Effect of multiple heavy metals pollution to bacterial diversity and community structure in farmland soils
Published in Human and Ecological Risk Assessment: An International Journal, 2021
Chuanzhang Li, Xiaofei Wang, He Huang, Lin Wang, Feng Wei, Chaolan Zhang, Qun Rong
Bacteria adapts to high heavy metal pollution by changing their community abundance and structure (Liao et al. 2010; Deng et al. 2015).
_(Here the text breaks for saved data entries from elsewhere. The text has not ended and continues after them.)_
lemma
  assumes "finite C" "C \<subseteq> disordered"
  shows integrable_prod_exp_X: "integrable M (\<lambda>\<omega>. \<Prod>x\<in>C. exp (c x * X x \<omega>))"
    and integral_prod_exp_X:
      "(\<integral>\<omega>. (\<Prod>x\<in>C. exp (c x * X x \<omega>)) \<partial>M) = (\<Prod>x\<in>C. mgf (c x))"
proof -
  have "indep_vars (\<lambda>_. borel) (\<lambda>x \<omega>. exp (c x * X x \<omega>)) disordered"
    by (rule indep_vars_compose2[OF indep_X]) measurable
  then have indep: "indep_vars (\<lambda>_. borel) (\<lambda>x \<omega>. exp (c x * X x \<omega>)) C"
    using indep_vars_subset assms(2) by blast
  have int: "\<And>x. x \<in> C \<Longrightarrow> integrable M (\<lambda>\<omega>. exp (c x * X x \<omega>))"
    using integrable_exp_X assms(2) by blast
  show "integrable M (\<lambda>\<omega>. \<Prod>x\<in>C. exp (c x * X x \<omega>))"
    using indep_vars_integrable[OF assms(1) indep int] by simp
  have "(\<integral>\<omega>. (\<Prod>x\<in>C. exp (c x * X x \<omega>)) \<partial>M)
      = (\<Prod>x\<in>C. \<integral>\<omega>. exp (c x * X x \<omega>) \<partial>M)"
    using indep_vars_lebesgue_integral[OF assms(1) indep int] by simp
  also have "\<dots> = (\<Prod>x\<in>C. mgf (c x))"
    using integral_exp_X assms(2) by (intro prod.cong) auto
  finally show "(\<integral>\<omega>. (\<Prod>x\<in>C. exp (c x * X x \<omega>)) \<partial>M)
      = (\<Prod>x\<in>C. mgf (c x))" .
qed

text \<open>The label d selects the d-th child, which lies outside the defect subtree since d1 < d.\<close>

definition escape_paths :: "nat \<Rightarrow> nat \<Rightarrow> nat list set" where
  "escape_paths k m = (\<lambda>(a, b). a @ d # b) ` (paths d1 k \<times> paths d m)"

definition path_node :: "nat list \<Rightarrow> nat \<Rightarrow> nat \<times> nat" where
  "path_node p j = (j, path_pos d (take j p))"

definition free_gens :: "nat \<Rightarrow> nat \<Rightarrow> nat set" where
  "free_gens k m = {Suc k..k + Suc m}"

definition path_weight :: "nat \<Rightarrow> nat \<Rightarrow> nat list \<Rightarrow> 'a \<Rightarrow> real" where
  "path_weight k m p \<omega> = exp (\<beta> * (\<Sum>j\<in>free_gens k m. X (path_node p j) \<omega>))"

definition escape_sum :: "nat \<Rightarrow> nat \<Rightarrow> 'a \<Rightarrow> real" where
  "escape_sum k m \<omega> = (\<Sum>p\<in>escape_paths k m. path_weight k m p \<omega>)"

lemma inj_on_escape_paths: "inj_on (\<lambda>(a, b). a @ d # b) (paths d1 k \<times> paths d m)"
  by (auto simp: inj_on_def paths_def)

lemma card_escape_paths: "card (escape_paths k m) = d1 ^ k * d ^ m"
  unfolding escape_paths_def using inj_on_escape_paths
  by (simp add: card_image card_cartesian_product card_paths)

lemma escape_pathsE:
  assumes "p \<in> escape_paths k m"
  obtains a b where "p = a @ d # b" "a \<in> paths d1 k" "b \<in> paths d m"
  using assms unfolding escape_paths_def by auto

lemma escape_paths_subset: "escape_paths k m \<subseteq> paths d (k + Suc m)"
  using d1_less_d d_ge_2 by (fastforce elim!: escape_pathsE simp: paths_def subset_iff)

lemma path_node_disordered:
  assumes p: "p \<in> escape_paths k m" and j: "j \<in> free_gens k m"
  shows "path_node p j \<in> disordered"
proof -
  obtain a b where ab: "p = a @ d # b" "a \<in> paths d1 k"
    using p by (rule escape_pathsE)
  have "k < j" "j \<le> k + Suc m"
    using j by (auto simp: free_gens_def)
  then have "take j p \<in> paths d j"
    using take_in_paths escape_paths_subset p by blast
  moreover have "d \<in> set (take j p)"
    using ab \<open>k < j\<close> by (auto simp: paths_def take_append take_Cons')
  ultimately show ?thesis
    using path_node_in_dary_tree path_node_notin_defect_tree[of d1 d _ j d] d1_less_d
    by (auto simp: path_node_def)
qed

lemma path_node_defect:
  assumes "p \<in> escape_paths k m" "j \<le> k"
  shows "path_node p j \<in> defect_tree d d1"
proof -
  obtain a b where "p = a @ d # b" "a \<in> paths d1 k"
    using assms(1) by (rule escape_pathsE)
  then have "take j p \<in> paths d1 j" "take j p = take j a"
    using assms(2) take_in_paths by (auto simp: paths_def)
  then show ?thesis
    by (auto simp: path_node_def mem_defect_tree_iff)
qed

lemma inj_on_path_node: "inj_on (path_node p) A"
  by (auto simp: inj_on_def path_node_def)

lemma path_weight_eq_prod:
  "path_weight k m p \<omega> = (\<Prod>x\<in>path_node p ` free_gens k m. exp (\<beta> * X x \<omega>))"
proof -
  have "path_weight k m p \<omega> = (\<Prod>j\<in>free_gens k m. exp (\<beta> * X (path_node p j) \<omega>))"
    unfolding path_weight_def sum_distrib_left by (rule exp_sum) (simp add: free_gens_def)
  then show ?thesis
    by (simp add: prod.reindex[OF inj_on_path_node])
qed

lemma card_path_nodes: "card (path_node p ` free_gens k m) = Suc m"
  using card_image[OF inj_on_path_node] by (simp add: free_gens_def)

lemma
  assumes "p \<in> escape_paths k m"
  shows integrable_path_weight: "integrable M (path_weight k m p)"
    and integral_path_weight: "(\<integral>\<omega>. path_weight k m p \<omega> \<partial>M) = mgf \<beta> ^ Suc m"
proof -
  have "finite (path_node p ` free_gens k m)" "path_node p ` free_gens k m \<subseteq> disordered"
    using path_node_disordered[OF assms] by (auto simp: free_gens_def)
  note prod = integrable_prod_exp_X[OF this] integral_prod_exp_X[OF this]
  show "integrable M (path_weight k m p)"
    using prod(1)[of "\<lambda>_. \<beta>"] by (simp add: path_weight_eq_prod[abs_def])
  show "(\<integral>\<omega>. path_weight k m p \<omega> \<partial>M) = mgf \<beta> ^ Suc m"
    using prod(2)[of "\<lambda>_. \<beta>"] by (simp add: path_weight_eq_prod card_path_nodes)
qed
(* The function $G$ extends to a meromorphic function on $\mathbb C$. Its poles are exactly the points $t=2ki-\frac{i}{2}$ for $k\in\mathbb N=\{1,2,\dots\}$ and $t=-2\pi n^2$ for $n\in\mathbb N$, and all of them are simple.
   Context: $G$ is defined by the series $G(t)=\sum_{n=1}^\infty n^{-\frac12-it}\,\frac{t}{2\pi n^2+t}$, which converges absolutely and defines a meromorphic function on $\{t\in\mathbb C:\Im t<\frac32\}$. *)

theory Defs
  imports "HOL-Complex_Analysis.Complex_Analysis"
begin

text \<open>The series G(t) = sum over n >= 1 of n powr (-1/2 - i t) * t / (2 pi n^2 + t).
  It converges absolutely on Im t < 3/2 away from the points t = -2 pi n^2.\<close>
definition G :: "complex \<Rightarrow> complex" where
  "G t = (\<Sum>m. let n = of_nat (Suc m) :: complex in
            n powr (- (1/2) - \<i> * t) * (t / (2 * of_real pi * n ^ 2 + t)))"

end

theory Submission
  imports Defs
begin

text \<open>Writing \<open>q = t / (2 pi)\<close>, the identity \<open>t / (2 pi n^2 + t) = (q / n^2) (1 - t / (2 pi n^2 + t))\<close>
  splits off one zeta value at a time:
  \<open>G(t) = (\<Sum>j=1..J. (-1)^(j-1) q^j \<zeta>(1/2 + i t + 2 j)) + (-1)^J q^J R_J(t)\<close>, where
  \<open>R_J(t) = \<Sum>n. n powr (-1/2 - i t - 2 J) t / (2 pi n^2 + t)\<close> converges for \<open>Im t < 2 J + 3/2\<close>
  away from the points \<open>-2 pi n^2\<close>. Letting \<open>J\<close> grow gives the continuation. The zeta term of index
  \<open>j\<close> has a simple pole exactly where \<open>1/2 + i t + 2 j = 1\<close>, i.e. at \<open>t = 2 j i - i/2\<close>, with nonzero
  coefficient \<open>q^j\<close>; each denominator of \<open>R_J\<close> contributes a simple pole at \<open>-2 pi n^2\<close>.
  The continuation of \<open>\<zeta>\<close> itself comes from summing the binomial expansion of
  \<open>(n + 1) powr (1 - w) - n powr (1 - w)\<close> over \<open>n \<ge> 2\<close>, which expresses \<open>(w - 1) (\<zeta>(w) - 1)\<close>
  through its values at \<open>w + 1, w + 2, \<dots>\<close>.\<close>

lemma holomorphic_on_suminf_locally_dominated:
  assumes S: "open S" and hol: "\<And>n. f n holomorphic_on S"
    and dom: "\<And>x. x \<in> S \<Longrightarrow> \<exists>d h. 0 < d \<and> summable h \<and> (\<forall>n. \<forall>y\<in>ball x d \<inter> S. norm (f n y) \<le> h n)"
  shows "(\<lambda>x. \<Sum>n. f n x) holomorphic_on S"
proof -
  have dom': "\<exists>d h. 0 < d \<and> summable h \<and> (\<forall>\<^sub>F n in sequentially. \<forall>y\<in>ball x d \<inter> S. norm (f n y) \<le> h n)"
    if "x \<in> S" for x
    using dom[OF that] by (auto intro: always_eventually)
  have deriv: "(f n has_field_derivative deriv (f n) x) (at x)" if "x \<in> S" for n x
    using hol S that holomorphic_derivI by blast
  obtain g g' where g: "\<forall>x \<in> S. ((\<lambda>n. f n x) sums g x) \<and> ((\<lambda>n. deriv (f n) x) sums g' x)
      \<and> (g has_field_derivative g' x) (at x)"
    using series_and_derivative_comparison_local[OF S deriv dom'] by blast
  then have "g holomorphic_on S" using S holomorphic_on_open by blast
  moreover have "(\<Sum>n. f n x) = g x" if "x \<in> S" for x
    using g that sums_unique by metis
  ultimately show ?thesis using holomorphic_cong by metis
qed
At the phylum level, Proteobacteria, Chloroflexi, Acidobacteria and Actinobacteria were dominant in all the samples. Previous studies show that Proteobacteria, Chloroflexi, Acidobacteria and Actinobacteria are the normal phyla in soil (Yin et al. 2019). However, there were differences in relative abundance, with each level having its own unique bacterial populations. HR samples exhibited a higher relative abundance in Acidobacteria, which was considered the core resistance phyla in HR soils. Further, some members of Acidobacteria resistant to acidic pH and heavy metals such as norank_f__Acidobacteriaceae__Subgroup_1_, Candidatus_Solibacter (Ying et al. 2014; Gołębiewski et al. 2014). Similarly, the abundance of Gemmatimonadetes increased with pollution level, which has previously been reported to survive in heavy metal polluted soils (Lur et al. 2015). Chloroflexi had the similar relative abundance in MR (23.17%) and HR (22.71%), while the lowest relative abundance was in LR (14.07%). Many species of Chloroflexi are slow-growing, versatile and facultatively aerobic photoheterotrophs, have been previously reported to be resistant to heavy metals (Lur et al. 2015; Azarbad et al. 2015). Just like Ktedonobacteria, as one clade of the phylum Chloroflexi, was significantly enriched in HR samples. Ktedonobacteria has an unusually large transposases, implicated in high metabolic plasticity (Chang et al. 2011). The presence of several highly expressed transcripts with putative transposase or integrase activity enables Ktedonobacteria to adapt to high levels of pollution (Lur et al. 2015). Contrary to our findings, previous studies showed that high abundances of Proteobacteria, Actinobacteria and Bacteroidetes in heavy metal-polluted samples (Azarbad et al. 2015; Chen et al. 2018). In our study, Proteobacteria, Actinobacteria, and Bacteroidetes were the most abundant bacteria in LR samples. This difference can be attributed to the high pH of LR samples. Soil pH was a key environmental factor for bacteria, which can strongly impact relative abundances of certain groups of bacteria in soils (Shen et al. 2013; Wang et al. 2018). Our findings show that low pH enriches Acidobacteria while the abundances of Proteobacteria, Actinobacteria and Bacteroidetes increased with pH (Mã¤nnistö et al. 2007; Lauber et al. 2009).